Work instructions —
Search the records below for the word "longleftrightarrow". Copy each line where it occurs.

Data excerpts
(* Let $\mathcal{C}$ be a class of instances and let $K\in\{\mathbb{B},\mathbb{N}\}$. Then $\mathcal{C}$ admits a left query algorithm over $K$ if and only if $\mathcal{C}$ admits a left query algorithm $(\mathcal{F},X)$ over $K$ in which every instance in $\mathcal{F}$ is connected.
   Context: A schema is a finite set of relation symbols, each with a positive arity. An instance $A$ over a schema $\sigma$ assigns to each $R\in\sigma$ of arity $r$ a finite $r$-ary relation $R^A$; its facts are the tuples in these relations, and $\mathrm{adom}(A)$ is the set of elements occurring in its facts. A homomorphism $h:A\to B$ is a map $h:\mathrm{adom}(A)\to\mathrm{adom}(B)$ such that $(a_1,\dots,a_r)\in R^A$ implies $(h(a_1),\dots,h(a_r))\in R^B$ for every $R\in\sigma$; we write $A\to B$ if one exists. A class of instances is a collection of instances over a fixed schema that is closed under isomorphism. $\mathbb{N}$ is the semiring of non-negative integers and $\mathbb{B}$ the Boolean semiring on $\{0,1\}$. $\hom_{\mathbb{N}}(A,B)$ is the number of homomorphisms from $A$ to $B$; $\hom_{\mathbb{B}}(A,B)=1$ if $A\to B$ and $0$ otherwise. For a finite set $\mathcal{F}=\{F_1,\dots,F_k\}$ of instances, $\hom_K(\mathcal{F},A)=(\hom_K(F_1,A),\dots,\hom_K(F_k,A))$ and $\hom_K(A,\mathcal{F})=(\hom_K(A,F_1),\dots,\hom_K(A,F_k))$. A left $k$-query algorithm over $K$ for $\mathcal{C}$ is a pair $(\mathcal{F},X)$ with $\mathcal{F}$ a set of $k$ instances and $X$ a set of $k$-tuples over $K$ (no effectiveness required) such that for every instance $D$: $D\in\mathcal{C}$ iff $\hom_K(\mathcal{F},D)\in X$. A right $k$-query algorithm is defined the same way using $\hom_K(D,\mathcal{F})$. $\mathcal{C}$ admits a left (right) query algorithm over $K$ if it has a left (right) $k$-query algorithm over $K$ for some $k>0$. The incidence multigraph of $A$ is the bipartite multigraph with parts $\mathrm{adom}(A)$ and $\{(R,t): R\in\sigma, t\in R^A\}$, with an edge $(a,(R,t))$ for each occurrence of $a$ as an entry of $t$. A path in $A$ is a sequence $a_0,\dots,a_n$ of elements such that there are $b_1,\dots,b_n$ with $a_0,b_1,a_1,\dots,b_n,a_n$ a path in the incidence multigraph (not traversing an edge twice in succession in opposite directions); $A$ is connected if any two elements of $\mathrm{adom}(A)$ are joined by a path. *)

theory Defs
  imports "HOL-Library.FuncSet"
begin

==

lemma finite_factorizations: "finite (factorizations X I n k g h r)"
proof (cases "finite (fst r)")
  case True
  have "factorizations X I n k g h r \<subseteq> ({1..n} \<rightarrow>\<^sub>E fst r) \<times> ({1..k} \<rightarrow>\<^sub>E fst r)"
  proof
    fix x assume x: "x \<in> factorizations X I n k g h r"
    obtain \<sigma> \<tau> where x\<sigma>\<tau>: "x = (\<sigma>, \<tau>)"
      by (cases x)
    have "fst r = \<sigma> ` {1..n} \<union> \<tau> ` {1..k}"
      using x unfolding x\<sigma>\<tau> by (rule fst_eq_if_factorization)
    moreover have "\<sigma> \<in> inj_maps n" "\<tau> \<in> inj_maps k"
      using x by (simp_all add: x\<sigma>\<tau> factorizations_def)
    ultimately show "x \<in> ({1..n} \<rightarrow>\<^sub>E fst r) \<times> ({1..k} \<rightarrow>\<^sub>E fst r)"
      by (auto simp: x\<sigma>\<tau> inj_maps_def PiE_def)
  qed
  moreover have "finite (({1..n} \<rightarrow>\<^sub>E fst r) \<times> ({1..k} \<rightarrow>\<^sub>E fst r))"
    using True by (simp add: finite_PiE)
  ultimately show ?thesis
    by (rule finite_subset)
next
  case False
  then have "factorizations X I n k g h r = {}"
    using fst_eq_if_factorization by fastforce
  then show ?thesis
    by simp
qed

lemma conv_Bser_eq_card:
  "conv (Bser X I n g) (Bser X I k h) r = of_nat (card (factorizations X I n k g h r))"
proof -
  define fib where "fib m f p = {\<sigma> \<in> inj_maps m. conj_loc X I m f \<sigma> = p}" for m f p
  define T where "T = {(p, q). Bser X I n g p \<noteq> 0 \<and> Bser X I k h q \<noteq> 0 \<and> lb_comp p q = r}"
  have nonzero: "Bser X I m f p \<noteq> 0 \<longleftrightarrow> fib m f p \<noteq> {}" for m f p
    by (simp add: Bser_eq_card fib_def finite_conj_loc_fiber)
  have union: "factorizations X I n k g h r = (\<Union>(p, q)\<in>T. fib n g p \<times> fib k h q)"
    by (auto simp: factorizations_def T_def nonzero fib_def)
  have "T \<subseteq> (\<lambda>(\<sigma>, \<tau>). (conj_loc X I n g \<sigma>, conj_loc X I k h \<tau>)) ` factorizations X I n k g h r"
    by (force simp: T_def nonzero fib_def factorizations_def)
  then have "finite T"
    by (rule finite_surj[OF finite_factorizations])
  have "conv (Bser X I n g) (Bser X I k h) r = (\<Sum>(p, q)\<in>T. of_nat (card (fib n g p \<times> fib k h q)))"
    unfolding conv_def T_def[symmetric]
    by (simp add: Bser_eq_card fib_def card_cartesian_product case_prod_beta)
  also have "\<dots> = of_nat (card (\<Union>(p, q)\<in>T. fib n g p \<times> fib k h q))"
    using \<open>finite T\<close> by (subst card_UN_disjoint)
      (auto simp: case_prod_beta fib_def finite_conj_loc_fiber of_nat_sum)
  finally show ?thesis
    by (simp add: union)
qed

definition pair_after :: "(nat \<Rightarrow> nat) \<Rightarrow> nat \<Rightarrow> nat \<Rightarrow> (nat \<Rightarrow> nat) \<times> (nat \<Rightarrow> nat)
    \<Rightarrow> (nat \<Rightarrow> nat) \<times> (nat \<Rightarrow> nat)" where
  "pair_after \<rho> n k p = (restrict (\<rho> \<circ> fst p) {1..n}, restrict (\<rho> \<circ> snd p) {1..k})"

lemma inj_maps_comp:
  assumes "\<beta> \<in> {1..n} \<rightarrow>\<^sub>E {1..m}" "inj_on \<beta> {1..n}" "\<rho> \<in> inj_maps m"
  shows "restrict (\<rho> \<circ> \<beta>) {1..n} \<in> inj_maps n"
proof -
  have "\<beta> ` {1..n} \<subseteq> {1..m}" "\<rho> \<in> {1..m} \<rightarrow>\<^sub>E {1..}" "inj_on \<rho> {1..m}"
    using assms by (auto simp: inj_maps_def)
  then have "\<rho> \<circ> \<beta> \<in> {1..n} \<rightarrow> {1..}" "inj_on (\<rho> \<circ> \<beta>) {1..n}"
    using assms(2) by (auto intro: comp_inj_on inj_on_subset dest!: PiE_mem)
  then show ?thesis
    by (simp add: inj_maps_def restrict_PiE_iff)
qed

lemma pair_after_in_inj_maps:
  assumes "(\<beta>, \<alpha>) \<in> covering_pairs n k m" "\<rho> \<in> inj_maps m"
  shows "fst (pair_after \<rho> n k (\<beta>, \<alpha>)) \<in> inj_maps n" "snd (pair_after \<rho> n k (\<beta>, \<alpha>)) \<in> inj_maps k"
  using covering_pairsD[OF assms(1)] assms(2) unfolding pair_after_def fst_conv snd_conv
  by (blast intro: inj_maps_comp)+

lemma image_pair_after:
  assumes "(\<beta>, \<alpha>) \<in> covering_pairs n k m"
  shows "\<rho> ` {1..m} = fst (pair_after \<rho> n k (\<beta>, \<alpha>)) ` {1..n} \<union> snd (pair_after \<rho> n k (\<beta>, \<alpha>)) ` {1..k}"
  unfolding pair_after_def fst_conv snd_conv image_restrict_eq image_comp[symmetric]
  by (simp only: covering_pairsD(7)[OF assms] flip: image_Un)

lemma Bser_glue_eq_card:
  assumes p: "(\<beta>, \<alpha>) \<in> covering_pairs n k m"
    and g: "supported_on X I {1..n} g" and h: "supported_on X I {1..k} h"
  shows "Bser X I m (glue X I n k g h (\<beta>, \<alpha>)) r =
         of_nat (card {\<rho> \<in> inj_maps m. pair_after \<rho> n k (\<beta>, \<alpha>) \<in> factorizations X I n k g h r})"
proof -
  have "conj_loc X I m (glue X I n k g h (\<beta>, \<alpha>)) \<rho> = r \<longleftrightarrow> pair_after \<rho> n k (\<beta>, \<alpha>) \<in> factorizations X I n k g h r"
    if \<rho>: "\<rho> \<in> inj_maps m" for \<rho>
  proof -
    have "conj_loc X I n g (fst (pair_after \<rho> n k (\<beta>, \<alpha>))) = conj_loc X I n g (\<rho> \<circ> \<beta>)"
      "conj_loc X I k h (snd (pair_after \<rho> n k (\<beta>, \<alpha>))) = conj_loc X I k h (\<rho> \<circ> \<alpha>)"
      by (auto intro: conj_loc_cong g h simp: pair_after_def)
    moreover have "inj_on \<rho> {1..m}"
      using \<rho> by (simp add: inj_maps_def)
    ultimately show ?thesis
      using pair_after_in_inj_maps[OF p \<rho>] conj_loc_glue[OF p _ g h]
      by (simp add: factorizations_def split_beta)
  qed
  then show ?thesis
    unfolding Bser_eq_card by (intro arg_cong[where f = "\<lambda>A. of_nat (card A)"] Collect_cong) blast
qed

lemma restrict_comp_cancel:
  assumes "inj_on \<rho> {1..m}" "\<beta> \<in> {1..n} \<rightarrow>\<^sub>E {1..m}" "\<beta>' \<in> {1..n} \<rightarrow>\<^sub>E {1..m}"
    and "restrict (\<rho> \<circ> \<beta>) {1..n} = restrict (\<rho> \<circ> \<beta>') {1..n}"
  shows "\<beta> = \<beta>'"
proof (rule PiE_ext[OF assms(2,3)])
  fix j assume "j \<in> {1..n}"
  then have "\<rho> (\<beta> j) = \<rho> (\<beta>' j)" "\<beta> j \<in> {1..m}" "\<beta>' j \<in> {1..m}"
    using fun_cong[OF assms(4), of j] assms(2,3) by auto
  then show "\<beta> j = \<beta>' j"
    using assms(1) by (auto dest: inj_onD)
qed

Task answer —
  have nonzero: "Bser X I m f p \<noteq> 0 \<longleftrightarrow> fib m f p \<noteq> {}" for m f p
  have "conj_loc X I m (glue X I n k g h (\<beta>, \<alpha>)) \<rho> = r \<longleftrightarrow> pair_after \<rho> n k (\<beta>, \<alpha>) \<in> factorizations X I n k g h r"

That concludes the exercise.